Antimony (Sb) is an attractive cathode for liquid metal batteries (LMBs) because of its high theoretical voltage and low cost. The main obstacles associated with the Sb-based cathodes are unsatisfactory energy density and poor rate-capability. Herein, we propose a novel Sb₆₄Cu₃₆ cathode that effectively tackles these issues. The Sb₆₄Cu₃₆ (melting point: 525 °C) cathode presents a novel lithiation mechanism involving sequentially the generation of Li₂CuSb, the formation of Li₃Sb, and the conversion reaction of Li₂CuSb to Li₃Sb and Cu. The generated intermetallic compounds show a unique microstructure of the upper floated Li₂CuSb layer and the below cross-linked structure with interpenetrated Li₂CuSb and Li₃Sb phases. Compared with Li₃Sb, the lower Li migration energy barrier (0.188 eV) of Li₂CuSb significantly facilitates the lithium diffusion across the intermediate compounds and accelerates the reaction kinetics. Consequently, the Li||Sb₆₄Cu₃₆ cell delivers a more excellent electrochemical performance (energy density: 353 W h kg⁻¹ at 0.4 A cm⁻²; rate capability: 0.59 V at 2.0 A cm⁻²), and a much lower energy storage cost of only 38.45 $ kW h⁻¹ than other previously reported Sb-based LMBs. This work provides a novel cathode design concept for the development of high-performance LMBs in applications for large-scale energy storage.

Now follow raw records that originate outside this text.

lemma tableau_pair_relabel:
  assumes pair: "(T1, T2) \<in> tableau_pairs n lam \<beta> e" and "keys e' \<subseteq> {1..n}"
    and \<sigma>: "\<sigma> 0 = 0" "strict_mono_on (insert 0 (keys e)) \<sigma>" "\<sigma> ` keys e = keys e'"
      "\<And>v. v \<in> keys e \<Longrightarrow> lookup e' (\<sigma> v) = lookup e v"
  shows "(\<sigma> \<circ> T1, \<sigma> \<circ> T2) \<in> tableau_pairs n lam \<beta> e'"
proof -
  have T1: "ssyt n lam T1" and T2: "comp_tableau n \<beta> T2"
    and sum: "content lam T1 + content \<beta> T2 = e"
    using pair by (auto simp: tableau_pairs_def)
  have keys1: "keys (content lam T1) \<subseteq> keys e" and keys2: "keys (content \<beta> T2) \<subseteq> keys e"
    using sum keys_add_nat by auto
  have fill1: "filling n lam T1" and fill2: "filling n \<beta> T2"
    using T1 T2 by (simp_all add: ssyt_def comp_tableau_def)
  have cells1: "\<forall>c\<in>cells lam. T1 c \<in> keys e" and cells2: "\<forall>c\<in>cells \<beta>. T2 c \<in> keys e"
    using keys1 keys2 by (auto simp: keys_content)
  have range: "v \<in> keys e \<Longrightarrow> \<sigma> v \<in> {1..n}" for v
    using \<sigma>(3) assms(2) by blast
  have S1: "ssyt n lam (\<sigma> \<circ> T1)"
    using ssyt_relabel[OF T1 \<sigma>(2) _ \<sigma>(1)] filling_values[OF fill1 keys1] cells1 range by blast
  have S2: "comp_tableau n \<beta> (\<sigma> \<circ> T2)"
    using comp_tableau_relabel[OF T2 \<sigma>(2) _ \<sigma>(1)] filling_values[OF fill2 keys2] cells2 range by blast
  have inj: "inj_on \<sigma> (keys e)"
    using strict_mono_on_imp_inj_on[OF \<sigma>(2)] by (rule inj_on_subset) auto
  have "content lam (\<sigma> \<circ> T1) + content \<beta> (\<sigma> \<circ> T2) = e'"
  proof (rule poly_mapping_eqI)
    fix w
    show "lookup (content lam (\<sigma> \<circ> T1) + content \<beta> (\<sigma> \<circ> T2)) w = lookup e' w"
    proof (cases "w \<in> keys e'")
      case True
      then obtain v where v: "v \<in> keys e" "w = \<sigma> v" using \<sigma>(3) by auto
      have "lookup (content lam (\<sigma> \<circ> T1) + content \<beta> (\<sigma> \<circ> T2)) w =
          lookup (content lam T1 + content \<beta> T2) v"
        using v lookup_content_comp[OF cells1 inj] lookup_content_comp[OF cells2 inj]
        by (simp add: lookup_add the_inv_into_f_f[OF inj])
      then show ?thesis using sum \<sigma>(4) v by simp
    next
      case False
      then show ?thesis
        using \<sigma>(3) lookup_content_comp[OF cells1 inj] lookup_content_comp[OF cells2 inj]
        by (simp add: lookup_add in_keys_iff)
    qed
  qed
  then show ?thesis using S1 S2 by (simp add: tableau_pairs_def)
qed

锑 (Sb) 是液态金属电池 (LMB) 的理想阴极，因为它具有高理论电压和低成本。与锑基正极相关的主要障碍是能量密度不令人满意和倍率能力差。在此，我们提出了一种有效解决这些问题的新型 Sb ₆₄ Cu _36阴极。Sb ₆₄ Cu ₃₆（熔点：525 °C）正极呈现出一种新型锂化机制，依次涉及 Li ₂ CuSb 的生成、Li 3 Sb 的形成以及_{Li 2} CuSb 向 Li ₃ Sb 和 Cu的转化反应。生成的金属间化合物显示出上层浮锂的独特微观结构₂ CuSb 层和下面的交联结构具有互穿的 Li ₂ CuSb 和 Li ₃ Sb 相。与 Li _{3 Sb 相比，Li 2} CuSb较低的锂迁移能垒 (0.188 eV)显着促进了锂在中间化合物中的扩散并加速了反应动力学。因此，Li||Sb ₆₄ Cu ₃₆电池具有更优异的电化学性能（能量密度：353 W h kg ^-1 at 0.4 A cm ^-2；倍率能力：0.59 V at 2.0 A cm ^-2），以及更多更低的储能成本仅为 38.45 $ kW h ⁻¹比以前报道的其他基于 Sb 的 LMBs。这项工作为在大规模储能应用中开发高性能 LMB 提供了一种新颖的阴极设计理念。